WEB Advent 2008 / Full-Text Searching with SQLite

I’ve evangelized SQLite a lot this year, speaking at various conferences and user groups to try encourage use and support within many web applications. So, it should be no surprise that this is the topic of my article for PHP Advent. I’m going to be covering a lesser known feature: full-text searching.

Most users are spoiled by Google and its ability to index just about everything it can get its hands on. The end result is that any popular application that wants to remain competitive has to have some way to search. There are many solutions available to application developers, such as using the native implementations within MySQL and PostgreSQL, or standalone software such as Sphinx and Lucene. These, however, can either be tricky to set up, or overkill for the purpose.

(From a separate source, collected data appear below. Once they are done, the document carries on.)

lemma uniform_limit_birkhoff_ratio:
  assumes "continuous_on UNIV \<phi>"
  shows "uniform_limit UNIV (\<lambda>n x. 1 / real n * ((L ^^ n) (birkhoff n \<phi>) x / (L ^^ n) (\<lambda>_. 1) x))
    (\<lambda>_. I (\<lambda>y. \<phi> y * h y)) sequentially"
proof -
  obtain m M where "0 < m" "\<And>x. m \<le> h x" "\<And>x. h x \<le> M" using eigenfunction_bounds by blast
  have "uniform_limit UNIV (\<lambda>n x. (P n (birkhoff n \<phi>) x / n) / P n (\<lambda>_. 1) x)
      (\<lambda>x. h x * I (\<lambda>y. \<phi> y * h y) / h x) sequentially"
  proof (rule uniform_lim_divide[OF uniform_limit_P_birkhoff[OF assms] uniform_limit_P_one _ _ \<open>0 < m\<close>])
    show "bounded (range (\<lambda>x. h x * I (\<lambda>y. \<phi> y * h y)))"
      by (intro bounded_range_continuous[OF compact_alphabet] continuous_intros continuous_eigenfunction)
    show "m \<le> norm (h x)" for x using \<open>m \<le> h x\<close> \<open>0 < m\<close> by simp
  qed
  moreover have "(P n (birkhoff n \<phi>) x / n) / P n (\<lambda>_. 1) x
      = 1 / real n * ((L ^^ n) (birkhoff n \<phi>) x / (L ^^ n) (\<lambda>_. 1) x)" for n x
    using lam_pos by (cases "(L ^^ n) (\<lambda>_. 1) x = 0") (simp_all add: P_def field_simps)
  moreover have "h x * I (\<lambda>y. \<phi> y * h y) / h x = I (\<lambda>y. \<phi> y * h y)" for x
    using eigenfunction_pos[of x] by simp
  ultimately show ?thesis by simp
qed

end

theorem mainTheorem4:
  fixes \<mu> :: "'a::metric_space measure"
    and \<nu> :: "(nat \<Rightarrow> 'a) measure"
    and f h :: "(nat \<Rightarrow> 'a) \<Rightarrow> real"
    and \<alpha> lam :: real
  assumes M_compact: "compact (UNIV :: 'a set)"
    and mu_prob: "prob_space \<mu>"
    and mu_borel: "sets \<mu> = sets borel"
    and mu_full_support: "\<And>U. open U \<Longrightarrow> U \<noteq> {} \<Longrightarrow> emeasure \<mu> U > 0"
    and alpha: "0 < \<alpha>" "\<alpha> < 1"
    and f_holder: "Om_holder \<alpha> f"
    and lam_pos: "lam > 0"
    and h_cont: "Om_cont h"
    and h_pos: "\<And>x. h x > 0"
    and h_eigen: "\<And>x. ruelle \<mu> f h x = lam * h x"
    and nu_prob: "prob_space \<nu>"
    and nu_borel: "sets \<nu> = sets Om_borel"
    and nu_eigen: "\<And>\<psi>. Om_cont \<psi> \<Longrightarrow> (\<integral>x. ruelle \<mu> f \<psi> x \<partial>\<nu>) = lam * (\<integral>x. \<psi> x \<partial>\<nu>)"
    and h_normalized: "(\<integral>x. h x \<partial>\<nu>) = 1"
    and RPF_conv: "\<And>\<psi>. Om_cont \<psi> \<Longrightarrow>
        (\<lambda>n. supnorm (\<lambda>x. (ruelle \<mu> f ^^ n) \<psi> x / lam ^ n - h x * (\<integral>y. \<psi> y \<partial>\<nu>))) \<longlonglongrightarrow> 0"
    and phi_cont: "Om_cont \<phi>"
  shows "(\<lambda>n. supnorm (\<lambda>x. (1 / real n) * ((ruelle \<mu> f ^^ n) (birkhoff n \<phi>) x
                / (ruelle \<mu> f ^^ n) (\<lambda>_. 1) x) - (\<integral>y. \<phi> y * h y \<partial>\<nu>))) \<longlonglongrightarrow> 0"
proof -
  obtain D where D: "\<And>a b::'a. dist a b \<le> D"
    using compact_imp_bounded[OF M_compact] unfolding bounded_two_points by blast
  have cont: "Om_cont \<psi> \<longleftrightarrow> continuous_on UNIV \<psi>" for \<psi> :: "(nat \<Rightarrow> 'a) \<Rightarrow> real"
    by (rule Om_cont_iff_continuous_on[OF D])
  have "ruelle_operator \<mu> f"
    by (intro ruelle_operator.intro ruelle_operator_axioms.intro mu_prob M_compact mu_borel
        Om_holder_imp_continuous_on[OF D alpha(1) f_holder])
  then have eigen: "ruelle_eigenfunction \<mu> f lam h"
    by (intro ruelle_eigenfunction.intro ruelle_eigenfunction_axioms.intro)
      (use lam_pos h_cont h_pos h_eigen in \<open>simp_all add: cont\<close>)
  interpret ruelle_eigenfunction \<mu> f lam h by (rule eigen)
  interpret ruelle_perron_frobenius \<mu> f lam h "\<lambda>\<psi>. \<integral>x. \<psi> x \<partial>\<nu>"
  proof (intro ruelle_perron_frobenius.intro[OF eigen] ruelle_perron_frobenius_axioms.intro)
    fix \<psi> :: "(nat \<Rightarrow> 'a) \<Rightarrow> real" assume \<psi>: "continuous_on UNIV \<psi>"
    show "uniform_limit UNIV (\<lambda>n. P n \<psi>) (\<lambda>x. h x * (\<integral>x. \<psi> x \<partial>\<nu>)) sequentially"
    proof (rule supnorm_tendsto_zero_imp_uniform_limit)
      show "bounded (range (\<lambda>x. P n \<psi> x - h x * (\<integral>x. \<psi> x \<partial>\<nu>)))" for n
        by (intro bounded_range_continuous[OF M_compact] continuous_intros continuous_on_P \<psi> h_cont[unfolded cont])
      show "(\<lambda>n. supnorm (\<lambda>x. P n \<psi> x - h x * (\<integral>x. \<psi> x \<partial>\<nu>))) \<longlonglongrightarrow> 0"
        using RPF_conv[of \<psi>] \<psi> by (simp add: cont P_def)
    qed
  next
    show "(\<integral>x. 1 \<partial>\<nu>) = (1::real)" using prob_space.prob_space[OF nu_prob] by simp
  qed
  show ?thesis
    using uniform_limit_imp_supnorm_tendsto_zero[OF uniform_limit_birkhoff_ratio] phi_cont
    by (simp add: cont)
qed
(* Let $p,q$ be coprime positive integers with $\frac pq<\frac12$. Then $P_{0,\frac pq}\triangleleft P_{1,\frac pq}$, i.e. $H_2(M_0)>H_2(M_1)$ and $H_2(m_0)>H_2(m_1)$, where $M_r,m_r$ denote the points of absolute maximum and absolute minimum of $P_{r,\frac pq}$.
   Context: $H_2:[0,1]\to[0,1]$ is $H_2(x)=3x$ on $I_0=[0,\frac13]$, $2-3x$ on $I_1=[\frac13,\frac23]$, $3x-2$ on $I_2=[\frac23,1]$. For coprime $p,q$ with $0<\frac pq<\frac12$ and $r\in\{0,1,\dots,q-2p\}$, $\Gamma_{r,\frac pq}$ is the bimodal over-twist pattern whose cyclic permutation $\Pi_{r,\frac pq}$ of $\{1,\dots,q\}$ (action on the points of the cycle labelled $x_1<\dots<x_q$) is: $j\mapsto j+p$ for $1\le j\le r$; $j\mapsto q-j+r+1$ for $r+1\le j\le r+p$; $j\mapsto 2p-j+r+1$ for $r+p+1\le j\le r+2p$; $j\mapsto j-p$ for $r+2p+1\le j\le q$. $P_{r,\frac pq}$ denotes the cycle of $H_2$ exhibiting $\Gamma_{r,\frac pq}$ singled out by the location of its extremal points as follows (the paper asserts it is unique): for $r=0$ and $r=q-2p$ its points $M_r,m_r$ lie in $I_1$, and for $1\le r\le q-2p-1$, $M_r\in I_1$ and $m_r\in I_2$. Here the point of absolute maximum $M_r$ (resp. absolute minimum $m_r$) of a cycle $P$ is the point of $P$ whose image under $H_2$ is the largest (resp. smallest) point of $P$. $P_{r_2,\frac pq}\triangleleft P_{r_1,\frac pq}$ means $H_2(M_{r_2})>H_2(M_{r_1})$ and $H_2(m_{r_2})>H_2(m_{r_1})$. *)

theory Defs
  imports Complex_Main
begin

definition H2 :: "real \<Rightarrow> real" where
  "H2 x = (if x \<le> 1/3 then 3*x else if x \<le> 2/3 then 2 - 3*x else 3*x - 2)"

definition I1 :: "real set" where "I1 = {1/3..2/3}"
definition I2 :: "real set" where "I2 = {2/3..1}"

definition Pi_ot :: "nat \<Rightarrow> nat \<Rightarrow> nat \<Rightarrow> nat \<Rightarrow> nat" where
  "Pi_ot r p q j =
     (if j \<le> r then j + p
      else if j \<le> r + p then q + r + 1 - j
      else if j \<le> r + 2*p then 2*p + r + 1 - j
      else j - p)"

definition exhibits_ot :: "nat \<Rightarrow> nat \<Rightarrow> nat \<Rightarrow> (nat \<Rightarrow> real) \<Rightarrow> bool" where
  "exhibits_ot r p q x \<longleftrightarrow>
     (\<forall>i\<in>{1..q}. \<forall>j\<in>{1..q}. i < j \<longrightarrow> x i < x j) \<and>
     (\<forall>j\<in>{1..q}. x j \<in> {0..1} \<and> H2 (x j) = x (Pi_ot r p q j))"

definition abs_max_pt :: "real set \<Rightarrow> real" where
  "abs_max_pt P = (THE y. y \<in> P \<and> H2 y = Max P)"
definition abs_min_pt :: "real set \<Rightarrow> real" where
  "abs_min_pt P = (THE y. y \<in> P \<and> H2 y = Min P)"

definition is_P_ot :: "nat \<Rightarrow> nat \<Rightarrow> nat \<Rightarrow> (nat \<Rightarrow> real) \<Rightarrow> bool" where
  "is_P_ot r p q x \<longleftrightarrow> exhibits_ot r p q x \<and>
     (let P = x ` {1..q} in
       abs_max_pt P \<in> I1 \<and>
       (if r = 0 \<or> r = q - 2*p then abs_min_pt P \<in> I1 else abs_min_pt P \<in> I2))"

end

theory Submission
  imports Defs "HOL-Number_Theory.Cong"
begin

(* Write x_1 < ... < x_q for P_{0,p/q} and y_1 < ... < y_q for P_{1,p/q}. Reading off the
   permutations, M_0 = x_1, m_0 = x_{2p}, M_1 = y_2 and m_1 = y_{2p+1}; the prescribed
   locations of these points force x_1, ..., x_{2p} and y_2, ..., y_{2p} into I_1, y_1 into I_0,
   and the remaining points to the right of 2/3, except y_q in I_1 when q = 2p+1. As H_2 is
   decreasing on I_1, the claim reduces to x_1 < y_2 together with y_1 < 1/3 <= x_1.
   Pair x_i with y_{i+1} for i <= p, x_{p+1} with y_1 and x_i with y_i otherwise, and orient
   the gap g_i of each pair so that, H_2 having slope +-3 on each branch, g is multiplied by 3
   along Pi_{0,p/q}, except at i = p+1 and at i = q = 2p+1, where g_i > 0. Hence g_i <= 0
   propagates along the orbit; Pi_{0,p/q} is cyclic because p and q are coprime (it is
   conjugate to the rotation by -p), so g_1 <= 0 would force g_{p+1} <= 0. *)

lemma coprime_rotation_invariant:
  fixes k q u w :: nat
  assumes cop: "coprime k q" and u: "u < q" "Q u"
    and step: "\<And>v. v < q \<Longrightarrow> Q v \<Longrightarrow> Q ((v + k) mod q)" and w: "w < q"
  shows "Q w"
proof -
  have iterate: "Q ((u + n * k) mod q)" for n
  proof (induction n)
    case 0
    then show ?case using u by simp
  next
    case (Suc n)
    have "Q (((u + n * k) mod q + k) mod q)"
      using step[OF _ Suc] u by simp
    then show ?case
      unfolding mod_add_left_eq by (simp add: algebra_simps)
  qed
  obtain inv where "[k * inv = 1] (mod q)"
    using cong_solve_coprime_nat[OF cop] by auto
  then have "[u + inv * (w + q - u) * k = u + (w + q - u)] (mod q)"
    by (metis cong_add_lcancel_nat cong_scalar_right mult.commute mult_1 mult.assoc)
  also have "u + (w + q - u) = w + q * 1" using u by simp
  also have "[w + q * 1 = w] (mod q)" by (simp add: cong_def)
  finally have "(u + inv * (w + q - u) * k) mod q = w"
    using w by (simp add: cong_def)
  then show ?thesis using iterate by metis
qed

lemma Pi_ot_range: "r + 2 * p \<le> q \<Longrightarrow> j \<in> {1..q} \<Longrightarrow> Pi_ot r p q j \<in> {1..q}"
  by (auto simp: Pi_ot_def)

lemma inj_on_Pi_ot: "r + 2 * p \<le> q \<Longrightarrow> inj_on (Pi_ot r p q) {1..q}"
  unfolding inj_on_def Pi_ot_def by (auto split: if_splits)

definition reverse_prefix :: "nat \<Rightarrow> nat \<Rightarrow> nat" where
  "reverse_prefix p i = (if i \<le> p then p + 1 - i else i)"

lemma reverse_prefix_reverse_prefix: "1 \<le> i \<Longrightarrow> reverse_prefix p (reverse_prefix p i) = i"
  by (auto simp: reverse_prefix_def)
(* Let $\mathbb Q$ be a probability measure on $(\Omega,\mathcal F)$ equivalent to $\mathbb P$, and let $(\mathcal B_n)_{n\in\mathbb N_0}$ be $\sigma$-subfields. Then $\mathcal B_n\to\mathcal B_0$ weakly under $\mathbb P$ if and only if $\mathcal B_n\to\mathcal B_0$ weakly under $\mathbb Q$.
   Context: Let $(\Omega,\mathcal F,\mathbb P)$ be a (not necessarily complete) probability space and $\mathcal N:=\{F\in\mathcal F:\mathbb P(F)=0\}$. A $\sigma$-subfield is a sub-$\sigma$-field $\mathcal A\subset\mathcal F$ with $\mathcal A=\sigma(\mathcal A\cup\mathcal N)$ (this notion is the same for $\mathbb P$ and any $\mathbb Q\sim\mathbb P$). For a probability measure $\mathbb R\sim\mathbb P$ and a $\sigma$-subfield $\mathcal A$, $\mathbb R_{\mathcal A}f:=\mathbb E^{\mathbb R}[f\mid\mathcal A]$. We say $\mathcal B_n\to\mathcal B_0$ weakly under $\mathbb R$ if $\mathbb R_{\mathcal B_n}\mathbb 1_A\to\mathbb 1_A$ in $\mathbb R$-probability for every $A\in\mathcal B_0$. *)

theory Defs
  imports "HOL-Probability.Probability"
begin

definition sigma_subfield :: "'a measure \<Rightarrow> 'a measure \<Rightarrow> bool" where
  "sigma_subfield M A \<longleftrightarrow> subalgebra M A \<and>
     sets A = sigma_sets (space M) (sets A \<union> null_sets M)"

definition conv_in_prob :: "'a measure \<Rightarrow> (nat \<Rightarrow> 'a \<Rightarrow> real) \<Rightarrow> ('a \<Rightarrow> real) \<Rightarrow> bool" where
  "conv_in_prob R X Y \<longleftrightarrow>
     (\<forall>e>0. (\<lambda>n. measure R {x \<in> space R. \<bar>X n x - Y x\<bar> > e}) \<longlonglongrightarrow> 0)"

definition weak_conv_subfields :: "'a measure \<Rightarrow> (nat \<Rightarrow> 'a measure) \<Rightarrow> bool" where
  "weak_conv_subfields R B \<longleftrightarrow>
     (\<forall>A \<in> sets (B 0). conv_in_prob R (\<lambda>n. real_cond_exp R (B n) (indicator A)) (indicator A))"

end

theory Submission
  imports Defs
begin

text \<open>Weak convergence under a finite measure R is a property of R-measures of sets only:
  \<open>E\<^sup>R[1\<^sub>A | B\<^sub>n] \<rightarrow> 1\<^sub>A\<close> in R-probability iff there are \<open>A\<^sub>n \<in> B\<^sub>n\<close> with \<open>R(A \<triangle> A\<^sub>n) \<rightarrow> 0\<close>.
  One direction takes \<open>A\<^sub>n = {E\<^sup>R[1\<^sub>A | B\<^sub>n] > 1/2}\<close>; for the other, off \<open>A \<triangle> A\<^sub>n\<close> the deviation
  \<open>|E\<^sup>R[1\<^sub>A | B\<^sub>n] - 1\<^sub>A|\<close> is bounded by \<open>E\<^sup>R[1\<^bsub>A \<triangle> A\<^sub>n\<^esub> | B\<^sub>n]\<close>, whose superlevel sets are
  small by Markov's inequality. Finally, for equivalent finite measures P and Q, \<open>P(C\<^sub>n) \<rightarrow> 0\<close>
  forces \<open>Q(C\<^sub>n) \<rightarrow> 0\<close>: otherwise a subsequence with summable P-measures has, by Borel-Cantelli,
  a P-null and hence Q-null limsup, which nevertheless carries Q-measure at least some \<open>\<epsilon> > 0\<close>.\<close>

lemma measure_limsup_ge:
  assumes "finite_measure M" and D: "\<And>k. D k \<in> sets M" and e: "\<And>k. e \<le> measure M (D k)"
  shows "e \<le> measure M (limsup D)"
proof -
  interpret finite_measure M by fact
  define E where "E m = (\<Union>k\<in>{m..}. D k)" for m
  have E: "range E \<subseteq> sets M" "decseq E"
    using D unfolding E_def decseq_def by (auto 4 3 intro: order_trans)
  have "(\<lambda>m. measure M (E m)) \<longlonglongrightarrow> measure M (limsup D)"
    using Lim_measure_decseq[OF E] by (simp add: limsup_INF_SUP E_def)
  moreover have "e \<le> measure M (E m)" for m
    using E(1) by (intro order_trans[OF e[of m]] finite_measure_mono) (auto simp: E_def)
  ultimately show ?thesis
    by (intro LIMSEQ_le_const) auto
qed

lemma absolutely_continuous_measure_tendsto_0:
  assumes "finite_measure M" "finite_measure N" "sets N = sets M" "absolutely_continuous M N"
    and C: "\<And>n. C n \<in> sets M" and lim: "(\<lambda>n. measure M (C n)) \<longlonglongrightarrow> 0"
  shows "(\<lambda>n. measure N (C n)) \<longlonglongrightarrow> 0"
proof (rule ccontr)
  interpret M: finite_measure M by fact
  assume "\<not> ?thesis"
  then obtain e where "e > 0" and frequently_large: "\<And>m. \<exists>n\<ge>m. e \<le> measure N (C n)"
    unfolding LIMSEQ_def dist_real_def by (auto simp: not_less)
  have "\<exists>n. e \<le> measure N (C n) \<and> measure M (C n) \<le> (1/2)^k" for k :: nat
  proof -
    obtain m where "\<And>n. n \<ge> m \<Longrightarrow> measure M (C n) < (1/2)^k"
      using lim unfolding LIMSEQ_def dist_real_def by (metis abs_of_nonneg diff_zero
          measure_nonneg zero_less_divide_1_iff zero_less_numeral zero_less_power)
    with frequently_large[of m] show ?thesis by force
  qed
  then obtain r where large: "\<And>k. e \<le> measure N (C (r k))"
    and small: "\<And>k. measure M (C (r k)) \<le> (1/2)^k"
    by metis
  have "summable (\<lambda>k. measure M (C (r k)))"
    by (rule summable_comparison_test'[where g="\<lambda>k. (1/2)^k" and N=0]) (auto simp: small)
  then have "limsup (\<lambda>k. C (r k)) \<in> null_sets M"
    by (intro borel_cantelli_limsup1) (auto simp: C M.emeasure_eq_measure)
  then have "limsup (\<lambda>k. C (r k)) \<in> null_sets N"
    using assms(4) unfolding absolutely_continuous_def by auto
  then have "measure N (limsup (\<lambda>k. C (r k))) = 0"
    by (simp add: measure_def null_setsD1)
  moreover have "e \<le> measure N (limsup (\<lambda>k. C (r k)))"
    using assms(2,3) C large by (intro measure_limsup_ge) auto
  ultimately show False
    using \<open>e > 0\<close> by simp
qed
(* Let $\ell\ge 2$ be an integer and let $\mathbf{a}=(a_1,\ldots,a_\ell)\in\mathbf{Z}^\ell$ with $\sum_{j=1}^\ell a_j=0$. Put $\lambda=\pi_\ell(\mathbf{a})$ and $k=\lambda_1$ (so $\lambda\in\mathcal{C}_\ell^k$). Let $i$ be the largest index such that $a_i=\max\{a_1,\ldots,a_\ell\}$. Then \[ \pi_{\ell-1}^{-1}\big(\Phi_\ell^k(\lambda)\big)=\psi_{\ell-1}^{\,a_i}\big(a_1,\ldots,a_{i-1},a_{i+1},\ldots,a_\ell\big), \] where $\psi_{\ell-1}^{\,a_i}$ denotes the $a_i$-fold iterate of $\psi_{\ell-1}$ (note $a_i\ge 0$).
   Context: Partitions are drawn as Young diagrams in English notation; box $(x,y)$ lies in row $x$ and column $y$. The hook length $h^{\lambda}_{(a,c)}$ of a box $(a,c)$ of $\lambda$ is the number of boxes of $\lambda$ in row $a$ weakly to the right of $(a,c)$ plus the number of boxes of $\lambda$ in column $c$ strictly below $(a,c)$. For an integer $m\ge 1$, a partition is an $m$-core if no box has hook length divisible by $m$. $\mathcal{C}_m$ denotes the set of $m$-cores, $\mathcal{C}_m^k$ those with first part equal to $k$, and $\mathcal{C}_m^{\le k}$ those with first part $\le k$. For $m\ge1$ and $\mathbf{c}=(c_1,\ldots,c_m)\in\mathbf{Z}^m$ with $\sum c_j=0$, let $X(\mathbf{c})=\{rm+(j-1): 1\le j\le m,\ r\in\mathbf{Z},\ r\le c_j\}\subset\mathbf{Z}$, and let $\pi_m(\mathbf{c})$ be the partition whose nonzero parts (in weakly decreasing order) are the positive values among the numbers $\#\{y\in\mathbf{Z}\setminus X(\mathbf{c}): y<x\}$, $x\in X(\mathbf{c})$. It is known that $\pi_m$ is a bijection from $\{\mathbf{c}\in\mathbf{Z}^m:\sum c_j=0\}$ onto $\mathcal{C}_m$. For $\lambda\in\mathcal{C}_\ell^k$, $\Phi_\ell^k(\lambda)$ is the partition obtained from the Young diagram of $\lambda$ by deleting every row $x$ with $h^\lambda_{(x,1)}\equiv h^\lambda_{(1,1)}\pmod{\ell}$ (in particular row 1); it is known that $\Phi_\ell^k$ is a bijection $\mathcal{C}_\ell^k\to\mathcal{C}_{\ell-1}^{\le k}$. For $m\ge1$, $\psi_m:\mathbf{Z}^m\to\mathbf{Z}^m$ is the map $\psi_m(c_1,\ldots,c_m)=(c_m+1,c_1,c_2,\ldots,c_{m-1})$. *)

theory Defs
  imports Main
begin

text \<open>A vector \<open>c \<in> Z^m\<close> is a list of integers of length m;
  its j-th coordinate (1-based) is \<open>c ! (j-1)\<close>.
  A partition is a list of positive naturals in weakly decreasing order
  (its nonzero parts); row x (1-based) has length \<open>lam ! (x-1)\<close>.\<close>

definition Xset :: "nat \<Rightarrow> int list \<Rightarrow> int set" where
  "Xset m c = {r * int m + (int j - 1) | j r. 1 \<le> j \<and> j \<le> m \<and> r \<le> c ! (j - 1)}"

definition gapcount :: "nat \<Rightarrow> int list \<Rightarrow> int \<Rightarrow> nat" where
  "gapcount m c x = card {y :: int. y \<notin> Xset m c \<and> y < x}"

definition pi_core :: "nat \<Rightarrow> int list \<Rightarrow> nat list" where
  "pi_core m c = rev (sort (map (gapcount m c)
      (sorted_list_of_set {x \<in> Xset m c. 0 < gapcount m c x})))"

definition hook :: "nat list \<Rightarrow> nat \<Rightarrow> nat \<Rightarrow> nat" where
  "hook lam a c = card {y. c \<le> y \<and> y \<le> lam ! (a - 1)}
                 + card {x. a < x \<and> x \<le> length lam \<and> c \<le> lam ! (x - 1)}"

text \<open>\<open>Phi_l^k\<close> (k = first part of lam): delete every row x with
  \<open>h(x,1) \<equiv> h(1,1) (mod l)\<close>.\<close>
definition Phi :: "nat \<Rightarrow> nat list \<Rightarrow> nat list" where
  "Phi l lam = map (\<lambda>x. lam ! (x - 1))
     (filter (\<lambda>x. hook lam x 1 mod l \<noteq> hook lam 1 1 mod l) [1..<length lam + 1])"

definition psi :: "int list \<Rightarrow> int list" where
  "psi c = (last c + 1) # butlast c"

end

theory Submission
  imports Defs "HOL-Library.Multiset"
begin

text \<open>Read \<open>X(c)\<close> as a Maya diagram. Its beads above the first gap \<open>g\<close> are the rows of
  \<open>\<pi>(c)\<close>: the row of bead \<open>b\<close> has as its part the number of gaps below \<open>b\<close>, and its
  first-column hook length is \<open>b - g\<close>. So \<open>\<Phi>\<close> deletes exactly the rows whose beads lie on the
  runner (residue class mod \<open>\<ell>\<close>) of the largest bead, and that bead sits on the runner of the
  last index where \<open>a\<close> is maximal. All gaps on this runner lie above the largest bead, so
  deleting the runner and closing up the other \<open>\<ell> - 1\<close> runners keeps the gap counts of the
  remaining beads: \<open>\<Phi>(\<pi>\<^sub>\<ell>(a)) = \<pi>\<^sub>\<ell>\<^sub>-\<^sub>1(a')\<close> with \<open>a'\<close> the vector \<open>a\<close> without that
  entry. Finally \<open>\<psi>\<close> translates \<open>X(c)\<close> by one and raises the coordinate sum by one, and a
  Maya diagram is determined up to translation by its partition, so \<open>\<psi>\<^bsup>a\<^sub>i\<^esup>(a')\<close> is the unique
  sum-zero preimage.\<close>

section \<open>Maya sets and their partitions\<close>

definition maya_set :: "int set \<Rightarrow> bool" where
  "maya_set S \<longleftrightarrow> bdd_above S \<and> (\<exists>lo. {..<lo} \<subseteq> S)"

definition gaps_below :: "int set \<Rightarrow> int \<Rightarrow> nat" where
  "gaps_below S x = card {y. y \<notin> S \<and> y < x}"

Luckily, Google have contributed some resources to SQLite in order to help. The first full-text searching implementation is available in version 3.3.8. This version provides the functionality to create a virtual table that relies on an external extension: in this case, a full-text searching algorithm for any of the text columns within the virtual table. Support for this was only enabled by default—with PDO and SQLite3—in PHP 5.3.0. Earlier versions of PHP can use the SQLite3 extension in PECL.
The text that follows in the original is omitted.